>>

lemma H1_mult:
  assumes u: "H1 a b u u'" and w: "H1 a b w w'"
  shows "H1 a b (\<lambda>x. u x * w x) (\<lambda>s. u' s * w s + u s * w' s)"
  unfolding H1_def
proof (intro conjI ballI)
  show i: "set_integrable lborel {a..b} (\<lambda>s. u' s * w s + u s * w' s)"
    by (rule H1_product_set_integrable[OF u w order_refl])
  have i1: "set_integrable lborel {a..b} (\<lambda>s. (u' s)\<^sup>2 * (w s)\<^sup>2)"
    by (rule set_integrable_mult_continuous[OF H1_set_integrable_square[OF u]])
      (auto intro: continuous_intros H1_continuous_on[OF w])
  have i2: "set_integrable lborel {a..b} (\<lambda>s. (w' s)\<^sup>2 * (u s)\<^sup>2)"
    by (rule set_integrable_mult_continuous[OF H1_set_integrable_square[OF w]])
      (auto intro: continuous_intros H1_continuous_on[OF u])
  show "set_integrable lborel {a..b} (\<lambda>s. (u' s * w s + u s * w' s)\<^sup>2)"
  proof (rule set_integrable_bound[where f="\<lambda>s. 2 * ((u' s)\<^sup>2 * (w s)\<^sup>2) + 2 * ((w' s)\<^sup>2 * (u s)\<^sup>2)"])
    show "set_integrable lborel {a..b} (\<lambda>s. 2 * ((u' s)\<^sup>2 * (w s)\<^sup>2) + 2 * ((w' s)\<^sup>2 * (u s)\<^sup>2))"
      using i1 i2 by (intro set_integral_add set_integrable_mult_right)
    show "set_borel_measurable lborel {a..b} (\<lambda>s. (u' s * w s + u s * w' s)\<^sup>2)"
      using set_borel_measurable_mult[OF set_borel_measurable_if_set_integrable[OF i]
          set_borel_measurable_if_set_integrable[OF i]]
      by (simp add: power2_eq_square)
    show "AE x in lborel. x \<in> {a..b} \<longrightarrow> norm ((u' x * w x + u x * w' x)\<^sup>2)
        \<le> norm (2 * ((u' x)\<^sup>2 * (w x)\<^sup>2) + 2 * ((w' x)\<^sup>2 * (u x)\<^sup>2))"
    proof (intro AE_I2 impI)
      fix x
      define A B where "A = u' x * w x" and "B = u x * w' x"
      have "(A + B)\<^sup>2 \<le> 2 * A\<^sup>2 + 2 * B\<^sup>2" using sum_squares_bound[of A B] by (simp add: power2_sum)
      then show "norm ((u' x * w x + u x * w' x)\<^sup>2) \<le> norm (2 * ((u' x)\<^sup>2 * (w x)\<^sup>2) + 2 * ((w' x)\<^sup>2 * (u x)\<^sup>2))"
        unfolding A_def B_def by (simp add: power_mult_distrib mult.commute)
    qed
  qed
  fix x assume x: "x \<in> {a..b}"
  from H1_product_rule[OF u w x] show "u x * w x = u a * w a + (LBINT s=a..x. u' s * w s + u s * w' s)"
    using x by (simp add: interval_integral_Icc)
qed

lemma H1_add_scaled:
  assumes u: "H1 a b u u'" and w: "H1 a b w w'"
  shows "H1 a b (\<lambda>x. u x + c * w x) (\<lambda>s. u' s + c * w' s)"
  unfolding H1_def
proof (intro conjI ballI)
  have iu: "set_integrable lborel {a..b} u'" and iw: "set_integrable lborel {a..b} w'"
    and iu2: "set_integrable lborel {a..b} (\<lambda>s. (u' s)\<^sup>2)" and iw2: "set_integrable lborel {a..b} (\<lambda>s. (w' s)\<^sup>2)"
    using u w unfolding H1_def by auto
  have iuw: "set_integrable lborel {a..b} (\<lambda>s. u' s * w' s)" by (rule set_integrable_mult_L2[OF iu iw iu2 iw2])
  show "set_integrable lborel {a..b} (\<lambda>s. u' s + c * w' s)"
    using iu iw by (intro set_integral_add) auto
  have "set_integrable lborel {a..b} (\<lambda>s. (u' s)\<^sup>2 + (2 * c * (u' s * w' s) + c\<^sup>2 * (w' s)\<^sup>2))"
    using iu2 iuw iw2 by (intro set_integral_add) auto
  then show "set_integrable lborel {a..b} (\<lambda>s. (u' s + c * w' s)\<^sup>2)"
    by (simp add: power2_eq_square algebra_simps)
  fix x assume x: "x \<in> {a..b}"
  have sub: "{a..x} \<subseteq> {a..b}" using x by auto
  have "(LINT s:{a..x}|lborel. u' s + c * w' s) = (LINT s:{a..x}|lborel. u' s) + c * (LINT s:{a..x}|lborel. w' s)"
    using H1_set_integrable[OF u sub] H1_set_integrable[OF w sub] by (subst set_integral_add) auto
  then show "u x + c * w x = u a + c * w a + (LBINT s=a..x. u' s + c * w' s)"
    using H1_eq_set_integral[OF u x] H1_eq_set_integral[OF w x] x
    by (simp add: interval_integral_Icc algebra_simps)
qed

lemma H1_divide:

  fixes v v' h p :: "real \<Rightarrow> real"
  assumes ab: "a \<le> b" and v: "H1 a b v v'" and cp: "continuous_on {a..b} p"
    and dh: "\<And>x. x \<in> {a..b} \<Longrightarrow> (h has_real_derivative p x) (at x within {a..b})"
    and h0: "\<And>x. x \<in> {a..b} \<Longrightarrow> h x \<noteq> 0"
  shows "H1 a b (\<lambda>x. v x / h x) (\<lambda>x. v' x / h x - v x * p x / (h x)\<^sup>2)"
proof -
  have ch: "continuous_on {a..b} h" by (rule DERIV_continuous_on[OF dh])
  have "H1 a b (\<lambda>x. inverse (h x)) (\<lambda>x. - (p x * inverse (h x ^ Suc (Suc 0))))"
  proof (rule H1_if_continuous_derivative[OF ab])
    show "continuous_on {a..b} (\<lambda>x. - (p x * inverse (h x ^ Suc (Suc 0))))"
      using h0 by (intro continuous_intros cp ch) auto
    show "((\<lambda>x. inverse (h x)) has_real_derivative - (p x * inverse (h x ^ Suc (Suc 0)))) (at x within {a..b})"
      if "x \<in> {a..b}" for x
      by (rule DERIV_inverse_fun[OF dh[OF that] h0[OF that]])
  qed
  from H1_mult[OF v this] show ?thesis
    by (simp add: divide_inverse power2_eq_square mult.assoc)
qed

lemma last_zero_before:
  fixes h :: "real \<Rightarrow> real"
  assumes c: "continuous_on {l..x} h" and hl: "h l > 0" and hx: "h x < 0" and lx: "l \<le> x"
  obtains a where "l < a" "a < x" "h a = 0" "\<And>s. a < s \<Longrightarrow> s \<le> x \<Longrightarrow> h s < 0"
proof -
  define S where "S = {l..x} \<inter> h -` {0}"
  have ne: "S \<noteq> {}"
  proof -
    obtain y where "l \<le> y" "y \<le> x" "h y = 0" using IVT2'[of h x 0 l] c hl hx lx by force
    then show ?thesis unfolding S_def by auto
  qed
  have cl: "closed S" unfolding S_def by (rule continuous_closed_preimage[OF c]) auto
  have bdd: "bdd_above S" unfolding S_def by (rule bdd_aboveI[where M=x]) auto
  define a where "a = Sup S"
  have "a \<in> S" unfolding a_def using closed_contains_Sup[OF ne bdd cl] .
  then have a: "l \<le> a" "a \<le> x" "h a = 0" unfolding S_def by auto
  have "h s < 0" if s: "a < s" "s \<le> x" for s
  proof (rule ccontr)
    assume "\<not> h s < 0"
    moreover have "continuous_on {s..x} h" by (rule continuous_on_subset[OF c]) (use s a in auto)
    ultimately obtain y where y: "s \<le> y" "y \<le> x" "h y = 0" using IVT2'[of h x 0 s] s hx by force
    then have "y \<in> S" unfolding S_def using s a by auto
    then have "y \<le> a" unfolding a_def by (rule cSup_upper[OF _ bdd])
    then show False using y s by auto
  qed
  moreover have "a \<noteq> l" "a \<noteq> x" using a hl hx by auto
  ultimately show ?thesis using a that by force
qed

lemma first_zero_after:
  fixes h :: "real \<Rightarrow> real"
  assumes c: "continuous_on {x..u} h" and hu: "h u > 0" and hx: "h x < 0" and xu: "x \<le> u"
  obtains b where "x < b" "b < u" "h b = 0" "\<And>s. x \<le> s \<Longrightarrow> s < b \<Longrightarrow> h s < 0"
proof -
  define S where "S = {x..u} \<inter> h -` {0}"
  have ne: "S \<noteq> {}"
  proof -
    obtain y where "x \<le> y" "y \<le> u" "h y = 0" using IVT'[of h x 0 u] c hu hx xu by force
    then show ?thesis unfolding S_def by auto
  qed
  have cl: "closed S" unfolding S_def by (rule continuous_closed_preimage[OF c]) auto
  have bdd: "bdd_below S" unfolding S_def by (rule bdd_belowI[where m=x]) auto
  define b where "b = Inf S"
  have "b \<in> S" unfolding b_def using closed_contains_Inf[OF ne bdd cl] .
  then have b: "x \<le> b" "b \<le> u" "h b = 0" unfolding S_def by auto
  have "h s < 0" if s: "x \<le> s" "s < b" for s
  proof (rule ccontr)
    assume "\<not> h s < 0"
    moreover have "continuous_on {x..s} h" by (rule continuous_on_subset[OF c]) (use s b in auto)
    ultimately obtain y where y: "x \<le> y" "y \<le> s" "h y = 0" using IVT'[of h x 0 s] s hx by force
    then have "y \<in> S" unfolding S_def using s b by auto
    then have "b \<le> y" unfolding b_def by (rule cInf_lower[OF _ bdd])
    then show False using y s by auto
  qed
  moreover have "b \<noteq> u" "b \<noteq> x" using b hu hx by auto
  ultimately show ?thesis using b that by force
qed

lemma H1_set_integral_between_zeros:
  assumes Hp: "H1 l u h p" and ab: "l < a" "a \<le> b" "b \<le> u" and ha: "h a = 0" and hb: "h b = 0"
    and x: "x \<in> {l..u}"
  shows "(LINT s:({l..x} \<inter> {a..b})|lborel. p s) = (if x < a then 0 else if x \<le> b then h x else 0)"
proof (cases "x < a")
  case True
  then have "{l..x} \<inter> {a..b} = {}" by auto
  then show ?thesis using True by (simp add: set_lebesgue_integral_def)
next
  case False
  show ?thesis
  proof (cases "x \<le> b")
    case True
    then have "{l..x} \<inter> {a..b} = {a..x}" using False ab by auto
    then show ?thesis
      using H1_diff_eq_set_integral[OF Hp, of a x] x ab False True ha by simp
  next
    case beyond: False
    then have "{l..x} \<inter> {a..b} = {a..b}" using ab by auto
    then show ?thesis
      using H1_diff_eq_set_integral[OF Hp, of a b] x ab False beyond ha hb by simp
  qed
qed

lemma H1_reflect_between_zeros:
  fixes h p :: "real \<Rightarrow> real"
  assumes Hp: "H1 l u h p" and cp: "continuous_on {l..u} p" and ab: "l < a" "a \<le> b" "b \<le> u"
    and ha: "h a = 0" and hb: "h b = 0"
  shows "H1 l u (\<lambda>s. if s \<in> {a..b} then - h s else h s) (\<lambda>s. if s \<in> {a..b} then - p s else p s)"
  unfolding H1_def
proof (intro conjI ballI)
  have ip: "set_integrable lborel {l..u} p" by (rule borel_integrable_atLeastAtMost'[OF cp])
  have "set_integrable lborel {a..b} p"
    by (rule borel_integrable_atLeastAtMost'[OF continuous_on_subset[OF cp]]) (use ab in auto)
  moreover have "{l..u} \<inter> {a..b} = {a..b}" using ab by auto
  ultimately have iind: "set_integrable lborel {l..u} (\<lambda>s. indicator {a..b} s * p s)"
    by (simp only: set_integrable_indicator_mult_iff)
  have reflected: "(\<lambda>s. if s \<in> {a..b} then - p s else p s) = (\<lambda>s. p s - 2 * (indicator {a..b} s * p s))"
    by (auto simp: indicator_def)
  show "set_integrable lborel {l..u} (\<lambda>s. if s \<in> {a..b} then - p s else p s)"
    unfolding reflected using ip iind by (intro set_integral_diff) auto
  have "(\<lambda>s. (if s \<in> {a..b} then - p s else p s)\<^sup>2) = (\<lambda>s. (p s)\<^sup>2)" by auto
  then show "set_integrable lborel {l..u} (\<lambda>s. (if s \<in> {a..b} then - p s else p s)\<^sup>2)"
    using H1_set_integrable_square[OF Hp order_refl] by simp
  fix x assume x: "x \<in> {l..u}"
  have "(LINT s:{l..x}|lborel. (if s \<in> {a..b} then - p s else p s))
      = (LINT s:{l..x}|lborel. p s) - 2 * (LINT s:({l..x} \<inter> {a..b})|lborel. p s)"
    unfolding reflected using set_integrable_subset[OF ip] set_integrable_subset[OF iind] x
    by (simp add: set_integral_diff set_integral_indicator_mult)
  also have "\<dots> = (h x - h l) - 2 * (if x < a then 0 else if x \<le> b then h x else 0)"
    using H1_eq_set_integral[OF Hp x] H1_set_integral_between_zeros[OF Hp ab ha hb x] by simp
  finally show "(if x \<in> {a..b} then - h x else h x)
      = (if l \<in> {a..b} then - h l else h l) + (LBINT s=l..x. (if s \<in> {a..b} then - p s else p s))"
    using x ab by (auto simp: interval_integral_Icc)
qed

lemma du_bois_reymond:
  fixes A :: "real \<Rightarrow> real"
  assumes ab: "a < b" and iA: "set_integrable lborel {a..b} A"
    and iA2: "set_integrable lborel {a..b} (\<lambda>r. (A r)\<^sup>2)"
    and orth: "\<And>\<phi> \<phi>'. H1 a b \<phi> \<phi>' \<Longrightarrow> \<phi> a = 0 \<Longrightarrow> \<phi> b = 0 \<Longrightarrow> (LINT r:{a..b}|lborel. A r * \<phi>' r) = 0"
  obtains c where "AE r in lborel. r \<in> {a..b} \<longrightarrow> A r = c"
proof -
  define c where "c = (LINT r:{a..b}|lborel. A r) / (b - a)"
  have ic: "set_integrable lborel {a..b} (\<lambda>_. c)" by (rule borel_integrable_atLeastAtMost') simp
  have iAc: "set_integrable lborel {a..b} (\<lambda>r. A r - c)" using iA ic by (rule set_integral_diff)
  have ic2: "set_integrable lborel {a..b} (\<lambda>_. c\<^sup>2)" by (rule borel_integrable_atLeastAtMost') simp
  have "set_integrable lborel {a..b} (\<lambda>r. (A r)\<^sup>2 - 2 * c * A r + c\<^sup>2)"
    using iA2 iA ic2 by (intro set_integral_add set_integral_diff) auto
  then have iAc2: "set_integrable lborel {a..b} (\<lambda>r. (A r - c)\<^sup>2)"
    by (simp add: power2_diff algebra_simps)
  have mean_zero: "(LINT r:{a..b}|lborel. A r - c) = 0"
    using set_integral_diff(2)[OF iA ic] set_integral_const[of "{a..b}" lborel c] ab
    by (simp add: c_def)
  define \<phi> where "\<phi> = (\<lambda>x. LBINT r=a..x. A r - c)"
  have "H1 a b \<phi> (\<lambda>r. A r - c)" unfolding H1_def \<phi>_def using iAc iAc2 by simp
  moreover have "\<phi> a = 0" "\<phi> b = 0"
    using mean_zero ab by (simp_all add: \<phi>_def interval_integral_Icc)
  ultimately have orth_c: "(LINT r:{a..b}|lborel. A r * (A r - c)) = 0" by (rule orth)
  have "set_integrable lborel {a..b} (\<lambda>r. (A r - c)\<^sup>2 + c * (A r - c))"
    using iAc2 iAc by (intro set_integral_add) auto
  then have iAAc: "set_integrable lborel {a..b} (\<lambda>r. A r * (A r - c))"
    by (simp add: power2_eq_square algebra_simps)
  have "(LINT r:{a..b}|lborel. (A r - c)\<^sup>2) = (LINT r:{a..b}|lborel. A r * (A r - c) - c * (A r - c))"
    by (rule set_integral_cong_Icc) (simp add: power2_eq_square algebra_simps)
  also have "\<dots> = 0"
    using set_integral_diff(2)[OF iAAc set_integrable_mult_right[OF iAc, of c]] orth_c mean_zero by simp
  finally show ?thesis using that set_integral_Icc_eq_0_imp_AE[OF iAc2] by auto
qed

<<

> [Task to complete]
Copy the lines above exactly, beginning at the line that has "by (simp add: divide_inverse" and stopping after the line that has "closed_contains_Sup[OF ne bdd cl] .", and omit the rest.

> [Problem solution]
    by (simp add: divide_inverse power2_eq_square mult.assoc)
qed

lemma last_zero_before:
  fixes h :: "real \<Rightarrow> real"
  assumes c: "continuous_on {l..x} h" and hl: "h l > 0" and hx: "h x < 0" and lx: "l \<le> x"
  obtains a where "l < a" "a < x" "h a = 0" "\<And>s. a < s \<Longrightarrow> s \<le> x \<Longrightarrow> h s < 0"
proof -
  define S where "S = {l..x} \<inter> h -` {0}"
  have ne: "S \<noteq> {}"
  proof -
    obtain y where "l \<le> y" "y \<le> x" "h y = 0" using IVT2'[of h x 0 l] c hl hx lx by force
    then show ?thesis unfolding S_def by auto
  qed
  have cl: "closed S" unfolding S_def by (rule continuous_closed_preimage[OF c]) auto
  have bdd: "bdd_above S" unfolding S_def by (rule bdd_aboveI[where M=x]) auto
  define a where "a = Sup S"
  have "a \<in> S" unfolding a_def using closed_contains_Sup[OF ne bdd cl] .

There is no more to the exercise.